Los perdedores me ponen cachondo. Y los animales de vestuario, curtidos en gimnasios de periferia y en raves techno al calor de la lisergia. Y los traviesos que se deslizan por el filo de la ilegalidad. Y los penes color canela, generosos en pigmentación y centímetros. Y los muslos con forma de melón murciano. Y los gemelos como naranjas de Valencia. Y el acento portugués. Y el lamento del fado. Y el olor a chabola. Y, cosas de mi infancia malherida, la mala hostia.
Cristiano Ronaldo, druida de genética perfecta, se me antoja el único ser vivo que encaja en este puzzle de filias sexuales. Cristiano, todo honor y todo gloria hasta el miércoles pasado. Cristiano, con diamantes en los lóbulos, coches caros y novias carísimas. Cristiano, Dios de Google. Cristiano, huracán de Madeira. Cristiano, el terror de las nenas, el beckham latino, el nuevo mesías del milenio tres. Cristiano Ronaldo dos Santos Aveiro. Hasta su nombre, a medio camino entre el éxtasis religioso y el furor de Río, baila con rabia y deseo en mi paladar. Cristiano, así en la Tierra como en el Cielo.
Cristiano, además, frecuenta la acera equivocada. La de las señoras con fruta entre las piernas, con tacones infinitos y plástico en las tetas. Y el vigor heterosexual, a nosotros los gays de tomo y lomo, nos enciende los huevos. Cuantas más bragas se restrieguen por la tapicería de su enésimo descapotable, mayor será su leyenda. Rezo por que nunca, por el bien de la Humanidad, tenga un desliz con otro varón de mirada negra. Si es así, me moriré un poquito más.

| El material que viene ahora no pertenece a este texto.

lemmas hopf_unfolded = hopf[unfolded hopf_algebra_in_def algebra_in_def coalgebra_in_def]

lemma typed_structure_maps [simp]: "typed \<mu>" "typed \<eta>" "typed \<delta>" "typed \<epsilon>" "typed s"
  using hopf_unfolded by (simp_all add: typed_box)

lemma mult_assoc: "\<mu> \<odot> (\<mu> \<otimes> \<iota>) = \<mu> \<odot> (\<iota> \<otimes> \<mu>)"
  by (rule arr_eqI) (use hopf_unfolded in simp_all)
lemma mult_unit_left: "\<mu> \<odot> (\<eta> \<otimes> \<iota>) = \<iota>"
  by (rule arr_eqI) (use hopf_unfolded in simp_all)
lemma mult_unit_right: "\<mu> \<odot> (\<iota> \<otimes> \<eta>) = \<iota>"
  by (rule arr_eqI) (use hopf_unfolded in simp_all)
lemma comult_coassoc: "(\<delta> \<otimes> \<iota>) \<odot> \<delta> = (\<iota> \<otimes> \<delta>) \<odot> \<delta>"
  by (rule arr_eqI) (use hopf_unfolded in simp_all)
lemma comult_counit_left: "(\<epsilon> \<otimes> \<iota>) \<odot> \<delta> = \<iota>"
  by (rule arr_eqI) (use hopf_unfolded in simp_all)
lemma comult_counit_right: "(\<iota> \<otimes> \<epsilon>) \<odot> \<delta> = \<iota>"
  by (rule arr_eqI) (use hopf_unfolded in simp_all)
lemma comult_mult: "\<delta> \<odot> \<mu> = (\<mu> \<otimes> \<mu>) \<odot> ((\<iota> \<otimes> (\<sigma> \<otimes> \<iota>)) \<odot> (\<delta> \<otimes> \<delta>))"
  by (rule arr_eqI) (use hopf_unfolded in simp_all)
lemma comult_unit: "\<delta> \<odot> \<eta> = \<eta> \<otimes> \<eta>"
  by (rule arr_eqI) (use hopf_unfolded in simp_all)
lemma counit_mult: "\<epsilon> \<odot> \<mu> = \<epsilon> \<otimes> \<epsilon>"
  by (rule arr_eqI) (use hopf_unfolded in simp_all)
lemma counit_unit: "\<epsilon> \<odot> \<eta> = idn 0"
  by (rule arr_eqI) (use hopf_unfolded in simp_all)
lemma antipode_left: "\<mu> \<odot> ((s \<otimes> \<iota>) \<odot> \<delta>) = \<eta> \<odot> \<epsilon>"
  by (rule arr_eqI) (use hopf_unfolded in simp_all)
lemma antipode_right: "\<mu> \<odot> ((\<iota> \<otimes> s) \<odot> \<delta>) = \<eta> \<odot> \<epsilon>"
  by (rule arr_eqI) (use hopf_unfolded in simp_all)

lemma antipode_unit: "s \<odot> \<eta> = \<eta>"
proof -
  have "s \<odot> \<eta> = \<mu> \<odot> ((\<iota> \<otimes> \<eta>) \<odot> (s \<odot> \<eta>))"
    by (simp add: diagram_simps seq_rewrite[OF mult_unit_right])
  also have "(\<iota> \<otimes> \<eta>) \<odot> (s \<odot> \<eta>) = (s \<odot> \<eta>) \<otimes> \<eta>"
    by (subst par_def_right[of "s \<odot> \<eta>"]) (simp_all add: diagram_simps)
  also have "\<dots> = (s \<otimes> \<iota>) \<odot> (\<eta> \<otimes> \<eta>)"
    by (subst par_seq[symmetric]) (simp_all add: diagram_simps)
  also have "\<dots> = (s \<otimes> \<iota>) \<odot> (\<delta> \<odot> \<eta>)"
    by (simp add: comult_unit)
  also have "\<mu> \<odot> ((s \<otimes> \<iota>) \<odot> (\<delta> \<odot> \<eta>)) = (\<eta> \<odot> \<epsilon>) \<odot> \<eta>"
    by (simp add: diagram_simps antipode_left[symmetric])
  also have "\<dots> = \<eta>"
    by (simp add: diagram_simps counit_unit)
  finally show ?thesis .
qed

lemma mult_unit_par_left:
  assumes "typed y" "typed b" "tgt y = 0" "tgt b = 1"
  shows "\<mu> \<odot> ((\<eta> \<odot> y) \<otimes> b) = y \<otimes> b"
proof -
  have "\<mu> \<odot> ((\<eta> \<odot> y) \<otimes> b) = (\<mu> \<odot> (\<eta> \<otimes> \<iota>)) \<odot> (y \<otimes> b)"
    using assms by (simp add: diagram_simps)
  then show ?thesis using assms by (simp add: mult_unit_left diagram_simps)
qed

lemma mult_unit_par_right:
  assumes "typed y" "typed b" "tgt y = 0" "tgt b = 1"
  shows "\<mu> \<odot> (b \<otimes> (\<eta> \<odot> y)) = b \<otimes> y"
proof -
  have "\<mu> \<odot> (b \<otimes> (\<eta> \<odot> y)) = (\<mu> \<odot> (\<iota> \<otimes> \<eta>)) \<odot> (b \<otimes> y)"
    using assms by (simp add: diagram_simps)
  then show ?thesis using assms by (simp add: mult_unit_right diagram_simps)
qed

lemma mult_unit_par_left_tail:
  "typed y \<Longrightarrow> typed b \<Longrightarrow> typed x \<Longrightarrow> tgt y = 0 \<Longrightarrow> tgt b = 1 \<Longrightarrow> tgt x = src y + src b \<Longrightarrow>
    \<mu> \<odot> (((\<eta> \<odot> y) \<otimes> b) \<odot> x) = (y \<otimes> b) \<odot> x"
  by (simp add: seq_assoc[symmetric] mult_unit_par_left)
lemma mult_unit_par_right_tail:
  "typed y \<Longrightarrow> typed b \<Longrightarrow> typed x \<Longrightarrow> tgt y = 0 \<Longrightarrow> tgt b = 1 \<Longrightarrow> tgt x = src b + src y \<Longrightarrow>
    \<mu> \<odot> ((b \<otimes> (\<eta> \<odot> y)) \<odot> x) = (b \<otimes> y) \<odot> x"
  by (simp add: seq_assoc[symmetric] mult_unit_par_right)

lemma mult_par_mult: "\<mu> \<odot> (\<mu> \<otimes> \<mu>) = \<mu> \<odot> (\<iota> \<otimes> \<mu>) \<odot> (\<iota> \<otimes> \<mu> \<otimes> \<iota>)"
proof -
  have "\<mu> \<odot> (\<mu> \<otimes> \<mu>) = \<mu> \<odot> (\<mu> \<otimes> \<iota>) \<odot> (\<iota> \<otimes> \<iota> \<otimes> \<mu>)"
    by (simp add: diagram_simps)
  also have "\<dots> = \<mu> \<odot> (\<iota> \<otimes> \<mu>) \<odot> (\<iota> \<otimes> \<iota> \<otimes> \<mu>)"
    by (simp add: seq_rewrite[OF mult_assoc] seq_assoc)
  also have "\<dots> = \<mu> \<odot> (\<iota> \<otimes> (\<mu> \<odot> (\<iota> \<otimes> \<mu>)))"
    by (simp add: diagram_simps)
  also have "\<dots> = \<mu> \<odot> (\<iota> \<otimes> (\<mu> \<odot> (\<mu> \<otimes> \<iota>)))"
    by (simp only: mult_assoc)
  also have "\<dots> = \<mu> \<odot> (\<iota> \<otimes> \<mu>) \<odot> (\<iota> \<otimes> \<mu> \<otimes> \<iota>)"
    by (simp add: diagram_simps)
  finally show ?thesis .
qed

Cristiano. De héroe a villano en 90 minutos. Una hora y media fue suficiente para que el sol, rozando la media noche, volviese a salir por Barcelona y se esfumase para siempre en Manchester, ciudad de lluvias y hormigón. Y en medio de la hecatombe, él, mi portugués favorito, aguanta el tipo, y las abdominales, y la sonrisa de acero, y el flequillo travieso, y la espalda abrasada por la tinta. Porque tendrá mal perder, modales de penitenciaría y el puto estigma del subcampeón, pero entre las piernas le cuelga el rabo más sabroso del mundo. Me lo dice mi instinto animal. Amén.